The Journalology newsletter helps editors and publishing professionals keep up to date with scholarly publishing, and guides them on how to build influential scholarly journals.
A few hours after hitting the ’send’ button on last week’s newsletter I saw a tweet about Heliyon — a broad-scope journal published by Elsevier and hosted on the Cell press website — being put ’on hold’ for indexing by Web of Science.
That piqued my interest because I had just started drafting an article about Heliyon and Cureus, the two journals that grew the fastest in 2023, for the Digital Science Dimensions blog. I naturally wanted to see if Cureus (which is published by Springer Nature) had also been put on hold. Sure enough it had. That added an extra twist to my blog post, which went live this week: A view on two rapidly growing journals.
Meanwhile the Springer Nature IPO finally went through. The initial reaction from the markets was positive, which bodes well for BC Partners, the private equity firm that owned 47% of Springer Nature, as it seeks to sell more shares in the coming months. Future investors will want to see strong open access growth, which makes the fate of Cureus an important news story.

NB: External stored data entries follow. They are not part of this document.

text \<open>Minimise \<open>trace_energy\<close>, which \<open>omega_dual\<close> preserves, over the compact convex set of
  \<open>K\<close>-invariant forms with bounded traces; by strict convexity the minimiser is fixed by
  \<open>omega_dual\<close>.\<close>

theorem compact_symplectic_group_invariant_form:
  fixes K :: "'n::finite cmat set"
  assumes K: "compact K" "matgroup K" "K \<subseteq> SpR"
  obtains P where "euclidean_form P" "\<And>g. g \<in> K \<Longrightarrow> congruence g P = P" "omega_dual P = P"
proof -
  have K_SpR: "\<And>g. g \<in> K \<Longrightarrow> real_mat g \<and> symplectic g"
    using K(3) by (auto simp: SpR_iff)
  obtain P1 where P1: "euclidean_form P1" "\<And>g. g \<in> K \<Longrightarrow> congruence g P1 = P1"
    using compact_group_invariant_form K(1,2) K_SpR by metis
  have "0 \<le> Re (trace Q)" if "euclidean_form Q" for Q :: "'n cmat"
    using that by (intro Re_trace_nonneg pos_def_Re_qform_nonneg) (simp add: euclidean_form_def)
  then have traces: "0 \<le> Re (trace P1)" "0 \<le> Re (trace (matrix_inv P1))"
    using P1(1) euclidean_form_inv by blast+
  define c where "c = Re (trace P1) + Re (trace (matrix_inv P1))"
  define S where "S = bounded_invariant_forms K c"
  have "P1 \<in> S"
    unfolding S_def c_def using P1 traces by (intro bounded_invariant_formsI) auto
  moreover have "c \<ge> 0" unfolding c_def using traces by simp
  ultimately obtain P where P: "P \<in> S" and P_min: "\<And>Q. Q \<in> S \<Longrightarrow> trace_energy P \<le> trace_energy Q"
    using continuous_attains_inf[OF compact_bounded_invariant_forms] lipschitz_trace_energy
    unfolding S_def by (metis empty_iff lipschitz_on_continuous_on)
  note P_props = bounded_invariant_formsD[OF P[unfolded S_def]]
  have "omega_dual P = P"
  proof (rule ccontr)
    assume ne: "omega_dual P \<noteq> P"
    have D: "omega_dual P \<in> S"
      using omega_dual_bounded_invariant_forms K_SpR P unfolding S_def by blast
    have "trace_energy (midpoint P (omega_dual P)) < trace_energy P"
      using trace_energy_midpoint_less[OF P_props(1) bounded_invariant_formsD(1)[OF D[unfolded S_def]]] ne
        trace_energy_omega_dual[OF euclidean_form_invertible[OF P_props(1)]] by simp
    moreover have "midpoint P (omega_dual P) \<in> S"
      using P D unfolding S_def by (rule midpoint_bounded_invariant_forms)
    ultimately show False using P_min by fastforce
  qed
  then show thesis using P_props that by blast
qed
(* Let $\sigma,\tau$ be $d$-dimensional signatures on a connected graph $G$ with $\sigma\cong\tau$ via a switching map $f:V\to\mathsf{O}(d)$. Then for any distinct $i,j\in V$, $$F_{ij}\,\mathcal{C}^\sigma(i,j)=\mathcal{C}^\tau(i,j)\,F_{ij},\qquad F_{ij}=\begin{bmatrix}f(i)&0_{d\times d}\\0_{d\times d}&f(j)\end{bmatrix}.$$
   Context: $G=(V,E,W)$ is a finite connected weighted graph, $w_{xy}>0$ iff $\{x,y\}\in E$, $\deg(x)=\sum_y w_{xy}$. A $d$-dimensional signature maps oriented edges to $\mathsf{O}(d)$ with $\sigma_{yx}=\sigma_{xy}^{\mathrm T}$. $\sigma\cong\tau$ via $f$ means $f(x)\sigma_{xy}=\tau_{xy}f(y)$ for every oriented edge $(x,y)$. The connection Laplacian $\mathcal{L}^\sigma$ is the $nd\times nd$ block matrix with blocks $\deg(x)I_d$ on the diagonal, $-w_{xy}\sigma_{xy}$ for $x\sim y$, $0$ otherwise. For $M=\begin{bmatrix}A&B\\C&D\end{bmatrix}$, $M/D=A-BD^\dagger C$. The conductance matrix is $\mathcal{C}^\sigma(i,j)=\mathcal{L}^\sigma/\mathcal{L}^\sigma_{\{i,j\}^c,\{i,j\}^c}\in\mathbb{R}^{2d\times2d}$, blocks ordered $i$ then $j$. *)

theory Defs
  imports "HOL-Analysis.Analysis"
begin

text \<open>Weighted graphs on a finite vertex type 'v: weights w x y, with
  w x y > 0 iff x and y are adjacent (no loops).\<close>

definition weighted_graph :: "('v::finite \<Rightarrow> 'v \<Rightarrow> real) \<Rightarrow> bool" where
  "weighted_graph w \<longleftrightarrow> (\<forall>x y. w x y = w y x) \<and> (\<forall>x y. 0 \<le> w x y) \<and> (\<forall>x. w x x = 0)"

definition graph_connected :: "('v \<Rightarrow> 'v \<Rightarrow> real) \<Rightarrow> bool" where
  "graph_connected w \<longleftrightarrow> (\<forall>x y. (\<lambda>a b. 0 < w a b)\<^sup>*\<^sup>* x y)"

definition deg :: "('v::finite \<Rightarrow> 'v \<Rightarrow> real) \<Rightarrow> 'v \<Rightarrow> real" where
  "deg w x = (\<Sum>y\<in>UNIV. w x y)"
(* Let $(D,\chi)$ be a shaped oriented link diagram, and let $\mathfrak f,\mathfrak f'$ be two flattenings of $(D,\chi)$ (in the sense of the context). For each component $j$ of $D$ let $(\mu_j,\lambda_j)=(\mathfrak s(\mathfrak m_j),\mathfrak s(\mathfrak l_j))$ and $(\mu_j',\lambda_j')=(\mathfrak s'(\mathfrak m_j),\mathfrak s'(\mathfrak l_j))$ be the induced log-decoration values of $\mathfrak f$ and $\mathfrak f'$, and put $\Delta\mu_j=\mu_j'-\mu_j$, $\Delta\lambda_j=\lambda_j'-\lambda_j$ (these are integers). Then \[ \mathcal V(D,\chi,\mathfrak f')-\mathcal V(D,\chi,\mathfrak f)\equiv 4\pi^2 i\sum_j\big(\Delta\lambda_j\,\mu_j-\Delta\mu_j\,\lambda_j\big)\pmod{2\pi^2 i\mathbb Z}, \] the sum running over the components of $D$. In particular $\mathcal V(D,\chi,\mathfrak f)$ depends on the flattening $\mathfrak f$ only through its induced log-decoration values $(\mu_j,\lambda_j)_j$.
   Context: Oriented link diagram $D$ in the plane; segments are the edges of its underlying $4$-valent planar graph, regions are the components of the complement of that graph. At each crossing $c$, rotate so both strands point right; label incoming upper-left segment $1$, incoming lower-left segment $2$, outgoing lower-right segment $1'$ (continuation of $1$), outgoing upper-right segment $2'$ (continuation of $2$); regions $N$ (top, between $1$ and $2'$), $S$ (bottom, between $2$ and $1'$), $W$ (left, between $1$ and $2$), $E$ (right, between $2'$ and $1'$); $\epsilon=\pm1$ is the sign of the crossing. Shaping: assign $\chi_i=(a_i,b_i,m_i)\in(\mathbb C^\times)^3$ to each segment so that $m$ is constant along each component and at each crossing: if positive, with $A=1-\frac{m_1b_1}{b_2}(1-\frac{a_1}{m_1})(1-\frac{1}{m_2a_2})$, $a_{1'}=a_1/A$, $a_{2'}=a_2A$, $b_{1'}=\frac{m_2b_2}{m_1}(1-m_2a_2(1-\frac{b_2}{m_1b_1}))^{-1}$, $b_{2'}=b_1(1-\frac{m_1}{a_1}(1-\frac{b_2}{m_1b_1}))$; if negative, with $\tilde A=1-\frac{b_2}{m_1b_1}(1-m_1a_1)(1-\frac{m_2}{a_2})$, $a_{1'}=a_1/\tilde A$, $a_{2'}=a_2\tilde A$, $b_{1'}=\frac{m_2b_2}{m_1}(1-\frac{a_2}{m_2}(1-\frac{m_1b_1}{b_2}))$, $b_{2'}=b_1(1-\frac{1}{m_1a_1}(1-\frac{m_1b_1}{b_2}))^{-1}$; all values finite and nonzero. A crossing is pinched if $b_{2'}=b_1$ (equivalently $b_2=m_1b_1$, $m_2b_2=m_1b_{1'}$, $m_2b_{2'}=b_{1'}$). Flattening $\mathfrak f$: numbers $\mu_j$ per component with $e^{2\pi i\mu_j}=m_j$; $\beta_k$ per segment with $e^{2\pi i\beta_k}=b_k$; $\gamma_R$ per region with $e^{2\pi i(\gamma_{R'}-\gamma_{R})}=a_k$ whenever regions $R'$ and $R$ lie respectively to the right and left of segment $k$ (relative to its orientation); and at each non-pinched crossing a number $\kappa$ with $e^{2\pi i\kappa}=K:=e^{2\pi i\gamma_N}/(1-(b_{2'}/b_1)^\epsilon)$. Lifted dilogarithm: for $(\zeta^0,\zeta^1)\in\mathbb C^2$ with $w=e^{\zeta^0}\neq1$ and $e^{\zeta^1}(1-w)=1$, set $p^0=(\zeta^0-\operatorname{Log}w)/2\pi i$, $p^1=(\zeta^1+\operatorname{Log}(1-w))/2\pi i\in\mathbb Z$ (principal Log, argument in $(-\pi,\pi]$) and $\mathcal L(\zeta^0,\zeta^1)=R(w)-\frac{\pi^2}{6}+\pi i\,(p^0\operatorname{Log}(1-w)+p^1\operatorname{Log}w)\in\mathbb C/2\pi^2\mathbb Z$, where $R(w)=\operatorname{Li}_2(w)+\frac12\operatorname{Log}w\operatorname{Log}(1-w)$, $\operatorname{Li}_2(w)=-\int_0^w\frac{\log(1-t)}{t}dt$; $\mathcal L$ is understood as the continuous extension of this expression. Crossing volume: at a non-pinched crossing set $\zeta_N^0=2\pi i\epsilon(\beta_{2'}-\beta_1)$, $\zeta_N^1=2\pi i(\kappa-\gamma_N)$; $\zeta_W^0=2\pi i\epsilon(\beta_2-\beta_1-\mu_1)$, $\zeta_W^1=2\pi i(\kappa-\gamma_W+\epsilon\mu_1)$; $\zeta_S^0=2\pi i\epsilon(\beta_2-\beta_{1'}+\mu_2-\mu_1)$, $\zeta_S^1=2\pi i(\kappa-\gamma_S+\epsilon(\mu_1-\mu_2))$; $\zeta_E^0=2\pi i\epsilon(\beta_{2'}-\beta_{1'}+\mu_2)$, $\zeta_E^1=2\pi i(\kappa-\gamma_E-\epsilon\mu_2)$ (here $\mu_1,\mu_2$ are the parameters of the components containing strands $1,2$); these satisfy the conditions for $\mathcal L$, and $\mathcal V(c,\mathfrak f)=-i\epsilon[\mathcal L(\zeta_N^0,\zeta_N^1)-\mathcal L(\zeta_W^0,\zeta_W^1)+\mathcal L(\zeta_S^0,\zeta_S^1)-\mathcal L(\zeta_E^0,\zeta_E^1)]$. At a pinched crossing $\mathcal V(c,\mathfrak f)=2\pi^2 i[\beta_1(\gamma_W-\gamma_N)-\beta_{1'}(\gamma_S-\gamma_E)+\beta_2(\gamma_S-\gamma_W)-\beta_{2'}(\gamma_E-\gamma_N)-\mu_1(\epsilon(\beta_1-\beta_{1'}+\mu_2)+\gamma_S-\gamma_W)-\mu_2(\epsilon(\beta_{2'}-\beta_2+\mu_1)+\gamma_E-\gamma_S)]$. The diagram volume is $\mathcal V(D,\chi,\mathfrak f)=\sum_c\mathcal V(c,\mathfrak f)\in\mathbb C/2\pi^2 i\mathbb Z$. Induced log-decoration: for component $j$, $\mathfrak s(\mathfrak m_j)=\mu_j$ and $\mathfrak s(\mathfrak l_j)=-w_j\mu_j+\sum_k\eta_k\beta_k$, where $w_j$ is the writhe of component $j$ (sum of signs of crossings both of whose strands lie in component $j$), the sum runs over segments $k$ of component $j$, and $\eta_k=1$ if segment $k$ is over-under (overstrand at its initial crossing, understrand at its terminal crossing), $\eta_k=-1$ if it is under-over, and $\eta_k=0$ otherwise. *)

theory Defs
  imports "HOL-Analysis.Analysis"
begin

So, there’s lots to talk about in this week’s newsletter. But first a message about the coaching programme that I run.
Become a better leader: the Journalology coaching programme
Scholarly publishing needs leaders. Do you aspire to be one of them? Are you communicating effectively within your organisation and externally? Does your team work cohesively to provide the best possible author experience? Do you have a clear strategy that you’re able to execute?
Most coaches work across multiple industries and are unable to provide useful insight into scholarly publishing. The Journalology coaching programme is different.
The bespoke coaching programme is especially helpful for publishing professionals and editors who are transitioning into new leadership roles and need support to hit the ground running. It can be lonely at the top, but it doesn’t need to be. Get coaching support and become a better leader.
Shares in academic research publisher Springer Nature gained on their first day of trading in Frankfurt on Friday, with Europe’s first major initial public offering since the summer boosting prospects for equity markets.
Springer Nature shares gained 8.2 per cent to close at €24.24 in Frankfurt, having priced the stock in the IPO around the middle of its targeted range at €22.50. The rise valued Springer, which sold €600mn of shares as part of the deal, at €4.8bn.
Financial Times (Ivan Levingston, Rafe Uddin, and Raphael Minder)
JB: I could hear the champagne corks popping from my base here in the north-west of England. They finally managed to get the deal over the line. I’m genuinely pleased for many of my former colleagues who worked so hard to make this happen.
BC Partners’ investors, the Holtzbrinck family, and some SN executives will become rich(er) off the back of the IPO. However, there was a real cost — a human cost — to get this IPO done. Blood, sweat and tears have been shed, and not just by those who will benefit financially from the Frankfurt listing. Private equity demands a pound of flesh, which has been dearly bought. Let’s not forget that as the bubbles flow.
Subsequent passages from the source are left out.